Description: Negation of the signum. (Contributed by Thierry Arnoux, 1-Oct-2018.)

**Assertion**
Ref	Expression
sgnneg	⊢ (𝐴 ∈ ℝ → (sgn‘-𝐴) = -(sgn‘𝐴))

**Proof of Theorem sgnneg**
Step	Hyp	Ref	Expression
1		recn 11099	. . . . 5 ⊢ (𝐴 ∈ ℝ → 𝐴 ∈ ℂ)
2	1	negeq0d 11467	. . . 4 ⊢ (𝐴 ∈ ℝ → (𝐴 = 0 ↔ -𝐴 = 0))
3	2	bicomd 223	. . 3 ⊢ (𝐴 ∈ ℝ → (-𝐴 = 0 ↔ 𝐴 = 0))
4		eqidd 2730	. . 3 ⊢ ((𝐴 ∈ ℝ ∧ -𝐴 = 0) → 0 = 0)
5	3	necon3bbid 2962	. . . . 5 ⊢ (𝐴 ∈ ℝ → (¬ -𝐴 = 0 ↔ 𝐴 ≠ 0))
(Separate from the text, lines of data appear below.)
lemma expectation_offspring:
  assumes "S \<subseteq> V" "a \<in> V"
  shows "measure_pmf.expectation (offspring S a) \<phi> =
           \<phi> S + (if a \<in> S then (\<Sum>b\<in>V - S. edge_weight a b) else - (\<Sum>b\<in>S. edge_weight a b))"
proof -
  let ?new = "\<lambda>y. if a \<in> S then insert y S else S - {y}"
  let ?gain = "\<lambda>y. if a \<in> S then (if y \<in> V - S then 1 / real (deg y) else 0)
                   else - (if y \<in> S then 1 / real (deg y) else 0)"
  have fin: "finite (nbrs a)" using finite_V by simp
  have d: "real (deg a) > 0" using deg_pos[OF assms(2)] by simp
  have new: "\<phi> (?new y) = \<phi> S + ?gain y" if "y \<in> V" for y
    using assms that
    by (cases "a \<in> S"; cases "y \<in> S") (simp_all add: phi_insert phi_remove insert_absorb)
  have gain: "(\<Sum>y\<in>nbrs a. ?gain y) = (if a \<in> S then (\<Sum>y\<in>nbrs a \<inter> (V - S). 1 / real (deg y))
                                        else - (\<Sum>y\<in>nbrs a \<inter> S. 1 / real (deg y)))"
    using fin by (cases "a \<in> S") (simp_all add: sum.inter_restrict sum_negf)
  have "(\<Sum>y\<in>nbrs a. \<phi> (?new y)) = (\<Sum>y\<in>nbrs a. \<phi> S + ?gain y)"
    by (intro sum.cong refl new) simp
  also have "\<dots> = deg a * \<phi> S + (\<Sum>y\<in>nbrs a. ?gain y)"
    by (simp only: sum.distrib sum_constant graph_deg_def)
  finally have sum_new: "(\<Sum>y\<in>nbrs a. \<phi> (?new y)) = deg a * \<phi> S + (\<Sum>y\<in>nbrs a. ?gain y)" .
  have "measure_pmf.expectation (offspring S a) \<phi> = (\<Sum>y\<in>nbrs a. \<phi> (?new y)) / deg a"
    using fin nbrs_nonempty[OF assms(2)]
    by (simp add: offspring_def integral_pmf_of_set graph_deg_def)
  also have "\<dots> = \<phi> S + (\<Sum>y\<in>nbrs a. ?gain y) / deg a"
    unfolding sum_new using d by (simp add: add_divide_distrib)
  finally show ?thesis
    using assms gain sum_nbrs_edge_weight[of a "V - S"] sum_nbrs_edge_weight[of a S]
    by (cases "a \<in> S") simp_all
qed

lemma expectation_moran_step:
  assumes "S \<subseteq> V"
  shows "measure_pmf.expectation (moran_step E V r S) \<phi> = \<phi> S + (r - 1) * cut_weight S / W S"
proof -
  let ?out = "\<lambda>a. \<Sum>b\<in>V - S. edge_weight a b" and ?in = "\<lambda>a. \<Sum>b\<in>S. edge_weight a b"
  let ?inc = "\<lambda>a. if a \<in> S then ?out a else - ?in a"
  have fin_offspring: "finite (set_pmf (offspring S a))" if "a \<in> V" for a
    using set_pmf_offspring[OF that assms] finite_V by (meson finite_Pow_iff finite_subset)
  have "measure_pmf.expectation (moran_step E V r S) \<phi> = (\<Sum>a\<in>V. birth_weight S a * (\<phi> S + ?inc a))"
    unfolding moran_step_eq using finite_V fin_offspring set_pmf_birth[OF assms]
    by (subst pmf_expectation_bind[of V]) (auto simp: pmf_birth assms expectation_offspring)
  also have "\<dots> = \<phi> S * (\<Sum>a\<in>V. birth_weight S a) + (\<Sum>a\<in>V. birth_weight S a * ?inc a)"
    by (simp add: distrib_left sum.distrib sum_distrib_left mult.commute)
  also have "(\<Sum>a\<in>V. birth_weight S a * ?inc a)
           = (\<Sum>a\<in>V - S. birth_weight S a * ?inc a) + (\<Sum>a\<in>S. birth_weight S a * ?inc a)"
    by (rule sum.subset_diff[OF assms finite_V])
  also have "(\<Sum>a\<in>V - S. birth_weight S a * ?inc a) = - (\<Sum>a\<in>V - S. ?in a) / W S"
    by (simp add: birth_weight_def sum_negf sum_divide_distrib)
  also have "(\<Sum>a\<in>S. birth_weight S a * ?inc a) = r * (\<Sum>a\<in>S. ?out a) / W S"
    using assms by (auto simp: birth_weight_def sum_distrib_left sum_divide_distrib intro!: sum.cong)
  finally show ?thesis
    using birth_weight_sum[OF assms] cut_weight_entering[of S]
    by (simp add: cut_weight_def diff_divide_distrib algebra_simps)
qed

text \<open>A proper nonempty mutant set has an edge leaving it, of weight at least 1/n^2.\<close>
lemma cut_weight_lower:
  assumes "S \<subseteq> V" "S \<noteq> {}" "S \<noteq> V"
  shows "cut_weight S \<ge> 1 / (real (card V) * real (card V))"
proof -
  obtain a b where ab: "a \<in> S" "b \<in> V - S" "E a b"
    using edge_leaving[of S] assms by blast
  have "1 / (real (card V) * real (card V)) \<le> 1 / (real (deg a) * real (deg b))"
    using ab assms deg_pos[of a] deg_pos[of b] deg_le_card[of a] deg_le_card[of b]
    by (intro divide_left_mono mult_mono mult_pos_pos) auto
  also have "\<dots> = edge_weight a b" using ab by (simp add: edge_weight_def)
  also have "\<dots> \<le> (\<Sum>b\<in>V - S. edge_weight a b)"
    using ab finite_V by (intro member_le_sum edge_weight_nonneg) auto
  also have "\<dots> \<le> cut_weight S"
    unfolding cut_weight_def using ab finite_subset[OF assms(1) finite_V]
    by (intro member_le_sum sum_nonneg edge_weight_nonneg) auto
  finally show ?thesis .
qed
6	5	biimpa 476	. . . 4 ⊢ ((𝐴 ∈ ℝ ∧ ¬ -𝐴 = 0) → 𝐴 ≠ 0)
7		lt0neg2 11627	. . . . . . . 8 ⊢ (𝐴 ∈ ℝ → (0 < 𝐴 ↔ -𝐴 < 0))
8	7	adantr 480	. . . . . . 7 ⊢ ((𝐴 ∈ ℝ ∧ 𝐴 ≠ 0) → (0 < 𝐴 ↔ -𝐴 < 0))
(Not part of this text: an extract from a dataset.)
(* Let $\mathcal{H}_{1}$, $\mathcal{H}_{2}$ and $\mathcal{G}$ be three pdCGs such that both $\mathcal{H}_{1}$ and $\mathcal{H}_{2}$ are covered by $\mathcal{G}$ in the model inclusion order or, equivalently, such that $\mathcal{P}(\mathcal{H}_{1})$ and $\mathcal{P}(\mathcal{H}_{2})$ are two neighbouring submodels of $\mathcal{P}(\mathcal{G})$. Then, if $\mathcal{H}_{1}$ and $\mathcal{H}_{2}$ are $\preceq_{t}$-incomparable, it holds that $\mathcal{H}_{1}\wedge_{s}\mathcal{H}_{2}=\mathcal{H}_{1}\wedge_{t}\mathcal{H}_{2}$. On the other hand, if $\mathcal{H}_{1}\preceq_{t}\mathcal{H}_{2}$ then $\mathcal{H}_{1}\wedge_{s}\mathcal{H}_{2}=\mathcal{H}_{1}\wedge_{t}\mathcal{H}_{1}^{\prime}$ where, for the edge $(i,j)\in\mathbb E_{\mathcal G}$ involved, $\mathcal{H}_{1}$ and $\mathcal{H}_{1}^{\prime}$ are the two graphs $(V, E_{\mathcal{G}}\setminus\{(i,j)\}, \mathbb{L}_{\mathcal{G}}, \mathbb{E}_{\mathcal{G}} \setminus \{(i,j)\})$ and $(V, E_{\mathcal{G}}\setminus\{\tau(i,j)\}, \mathbb{L}_{\mathcal{G}}, \mathbb{E}_{\mathcal{G}} \setminus \{(i,j)\})$ (one each).
   Context: Let $V=\{1,\dots,p\}$ and let $\tau$ be a twin-pairing function on $V$, i.e. $\tau(i)\in V$ with $\tau(\tau(i))=i$ and $\tau(i)\neq i$; it is extended to edges by $\tau(i,j)=(\tau(i),\tau(j))$ (endpoints reordered so the smaller comes first) and to sets elementwise. Fix a partition $(L,R)$ of $V$ with $\tau(L)=R$, numbered so that $L=\{1,\dots,q\}$, $R=\{q+1,\dots,p\}$. Let $F_V=\{(i,j): i,j\in V, i<j\}$, $F_L=\{(i,j)\in F_V: i<\tau(j)\}$, $F_R=\{(i,j)\in F_V: i>\tau(j)\}$. A coloured graph $\mathcal G=(\mathcal V,\mathcal E)$ consists of a partition $\mathcal V$ of $V$ into vertex colour classes and a partition $\mathcal E$ of an edge set $E\subseteq F_V$ into edge colour classes. It is a coloured graph for paired data (pdCG) if every colour class is either atomic (a single element) or twin-pairing (of the form $\{i,\tau(i)\}$ or $\{(i,j),\tau(i,j)\}$ with $(i,j)\neq\tau(i,j)$). The associated RCON model for paired data $\mathcal{P}(\mathcal G)$ is the family of Gaussian distributions whose concentration matrix has zero entries for missing edges and equal entries for vertices or edges in the same colour class; $\mathcal{P}$ denotes the family of all pdCGs on $V$. Every pdCG is equivalently represented by the quadruplet $(V,E,\mathbb L,\mathbb E)$ where $E$ is the union of the edge colour classes, $E_L=E\cap F_L$, $E_R=E\cap F_R$, $\mathbb L=\{i\in L:\{i\}\in\mathcal V\}$ and $\mathbb E=\{(i,j)\in E_L\cap\tau(E_R): \{(i,j)\}\in\mathcal E\}$. The model inclusion order is $\mathcal H\preceq_s\mathcal G$ iff $\mathcal P(\mathcal H)\subseteq\mathcal P(\mathcal G)$ (iff the edge set of $\mathcal H$ is contained in that of $\mathcal G$ and every vertex, resp. edge, colour class of $\mathcal H$ is a union of vertex, resp. edge, colour classes of $\mathcal G$); $\mathcal H$ is covered by $\mathcal G$ in this order if $\mathcal H\prec_s\mathcal G$ and no $\mathcal F\in\mathcal P$ satisfies $\mathcal H\prec_s\mathcal F\prec_s\mathcal G$; $\wedge_s$ denotes the meet (infimum) in the lattice $\langle\mathcal P,\preceq_s\rangle$. The twin order is $\mathcal H\preceq_t\mathcal G$ iff $E_{\mathcal H}\subseteq E_{\mathcal G}$, $\mathbb L_{\mathcal H}\subseteq\mathbb L_{\mathcal G}$ and $\mathbb E_{\mathcal H}\subseteq\mathbb E_{\mathcal G}$; $\langle\mathcal P,\preceq_t\rangle$ is a lattice whose meet is $\mathcal G\wedge_t\mathcal H=(V,E_{\mathcal G}\cap E_{\mathcal H},\mathbb L_{\mathcal G}\cap\mathbb L_{\mathcal H},\mathbb E_{\mathcal G}\cap\mathbb E_{\mathcal H})$. Two neighbouring submodels $\mathcal H_1,\mathcal H_2$ of $\mathcal G$ satisfy $\mathcal H_1\preceq_t\mathcal H_2$ iff, for some $(i,j)\in\mathbb E_{\mathcal G}$, $\mathcal H_2=(V,E_{\mathcal G},\mathbb L_{\mathcal G},\mathbb E_{\mathcal G}\setminus\{(i,j)\})$ and $\mathcal H_1$ is one of the two graphs named in the claim; otherwise they are $\preceq_t$-incomparable. *)

theory Defs
  imports "HOL-Library.Disjoint_Sets"
begin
9		id 22	. . . . . . . . . . . 12 ⊢ (𝐴 ∈ ℝ → 𝐴 ∈ ℝ)
10		0red 11118	. . . . . . . . . . . 12 ⊢ (𝐴 ∈ ℝ → 0 ∈ ℝ)
11	9, 10	lttri2d 11255	. . . . . . . . . . 11 ⊢ (𝐴 ∈ ℝ → (𝐴 ≠ 0 ↔ (𝐴 < 0 ∨ 0 < 𝐴)))
12	11	biimpa 476	. . . . . . . . . 10 ⊢ ((𝐴 ∈ ℝ ∧ 𝐴 ≠ 0) → (𝐴 < 0 ∨ 0 < 𝐴))
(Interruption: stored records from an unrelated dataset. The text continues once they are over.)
lemma mult_powr_le_of_le_double:
  fixes h Y \<alpha> :: real
  assumes "0 < h" "h \<le> 2 * Y" "\<alpha> \<le> 1"
  shows "h * Y powr (\<alpha> - 1) \<le> 2 powr (1 - \<alpha>) * h powr \<alpha>"
proof -
  have Y: "0 < Y" using assms by simp
  have "h * Y powr (\<alpha> - 1) = h powr \<alpha> * (h powr (1 - \<alpha>) * Y powr (\<alpha> - 1))"
    using assms by (simp add: powr_add[symmetric])
  also have "\<dots> \<le> h powr \<alpha> * ((2 * Y) powr (1 - \<alpha>) * Y powr (\<alpha> - 1))"
    using assms by (intro mult_left_mono mult_right_mono powr_mono2) auto
  also have "\<dots> = 2 powr (1 - \<alpha>) * h powr \<alpha>"
    using Y by (simp add: powr_mult powr_add[symmetric])
  finally show ?thesis .
qed

lemma kernel_diff_nonneg:
  fixes \<alpha> b v \<tau> :: real
  assumes "\<alpha> \<le> 1" "v < b" "b \<le> \<tau>"
  shows "0 \<le> (b - v) powr (\<alpha> - 1) - (\<tau> - v) powr (\<alpha> - 1)"
  using assms by (auto intro!: powr_mono2')

lemma kernel_diff_le_majorant:
  fixes \<alpha> \<beta> a b h u v \<tau> :: real
  assumes "\<beta> \<le> 0" "\<alpha> < 1" "u \<le> a" "a < v" "v < b" "b < \<tau>" "\<tau> \<le> b + h"
  defines "Y \<equiv> (b - a) / 2"
  shows "((b - v) powr (\<alpha> - 1) - (\<tau> - v) powr (\<alpha> - 1)) * \<bar>v - u\<bar> powr \<beta>
    \<le> (1 - \<alpha>) * h * Y powr (\<alpha> - 2) * (v - a) powr \<beta>
       + Y powr \<beta> * ((b - v) powr (\<alpha> - 1) - (\<tau> - v) powr (\<alpha> - 1))"
proof -
  define g where "g = (b - v) powr (\<alpha> - 1) - (\<tau> - v) powr (\<alpha> - 1)"
  have g_nonneg: "0 \<le> g"
    unfolding g_def using kernel_diff_nonneg assms by simp
  have "\<bar>v - u\<bar> powr \<beta> \<le> (v - a) powr \<beta>"
    using assms by (intro powr_mono2') auto
  then have "g * \<bar>v - u\<bar> powr \<beta> \<le> g * (v - a) powr \<beta>"
    using g_nonneg by (rule mult_left_mono)
  also have "\<dots> \<le> (1 - \<alpha>) * h * Y powr (\<alpha> - 2) * (v - a) powr \<beta> + Y powr \<beta> * g"
  proof (cases "v \<le> a + Y")
    case True
    have "0 < Y" "Y \<le> b - v"
      using True assms unfolding Y_def by (auto simp: field_simps)
    from powr_sub_powr_add_le[OF _ this, of "\<alpha> - 1" "\<tau> - b"]
    have "g \<le> (1 - \<alpha>) * (\<tau> - b) * Y powr (\<alpha> - 2)"
      using assms by (simp add: g_def)
    also have "\<dots> \<le> (1 - \<alpha>) * h * Y powr (\<alpha> - 2)"
      using assms by (intro mult_right_mono mult_left_mono) auto
    finally have "g * (v - a) powr \<beta> \<le> (1 - \<alpha>) * h * Y powr (\<alpha> - 2) * (v - a) powr \<beta>"
      by (rule mult_right_mono) simp
    then show ?thesis
      using g_nonneg by (simp add: add_increasing2)
  next
    case False
    have "0 < Y" "Y \<le> v - a"
      using False assms unfolding Y_def by (auto simp: field_simps)
    then have "(v - a) powr \<beta> \<le> Y powr \<beta>"
      using assms by (intro powr_mono2') auto
    then have "g * (v - a) powr \<beta> \<le> Y powr \<beta> * g"
      using g_nonneg by (simp add: mult.commute mult_left_mono)
    moreover have "0 \<le> (1 - \<alpha>) * h * Y powr (\<alpha> - 2) * (v - a) powr \<beta>"
      using assms by simp
    ultimately show ?thesis
      by linarith
  qed
  finally show ?thesis
    unfolding g_def .
qed

definition kernel_diff_const :: "real \<Rightarrow> real \<Rightarrow> real" where
  "kernel_diff_const \<beta> \<alpha> =
     ((1 - \<alpha>) * 2 powr (\<beta> + 1) / (\<beta> + 1) * 2 powr (1 - \<alpha>) + 1 / \<alpha>) * 4 powr (- \<beta>)"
13		ltnsym2 11215	. . . . . . . . . . . 12 ⊢ ((𝐴 ∈ ℝ ∧ 0 ∈ ℝ) → ¬ (𝐴 < 0 ∧ 0 < 𝐴))
14	10, 13	mpdan 687	. . . . . . . . . . 11 ⊢ (𝐴 ∈ ℝ → ¬ (𝐴 < 0 ∧ 0 < 𝐴))
15	14	adantr 480	. . . . . . . . . 10 ⊢ ((𝐴 ∈ ℝ ∧ 𝐴 ≠ 0) → ¬ (𝐴 < 0 ∧ 0 < 𝐴))
16	12, 15	jca 511	. . . . . . . . 9 ⊢ ((𝐴 ∈ ℝ ∧ 𝐴 ≠ 0) → ((𝐴 < 0 ∨ 0 < 𝐴) ∧ ¬ (𝐴 < 0 ∧ 0 < 𝐴)))
17		pm5.17 1013	. . . . . . . . 9 ⊢ (((𝐴 < 0 ∨ 0 < 𝐴) ∧ ¬ (𝐴 < 0 ∧ 0 < 𝐴)) ↔ (𝐴 < 0 ↔ ¬ 0 < 𝐴))
18	16, 17	sylib 218	. . . . . . . 8 ⊢ ((𝐴 ∈ ℝ ∧ 𝐴 ≠ 0) → (𝐴 < 0 ↔ ¬ 0 < 𝐴))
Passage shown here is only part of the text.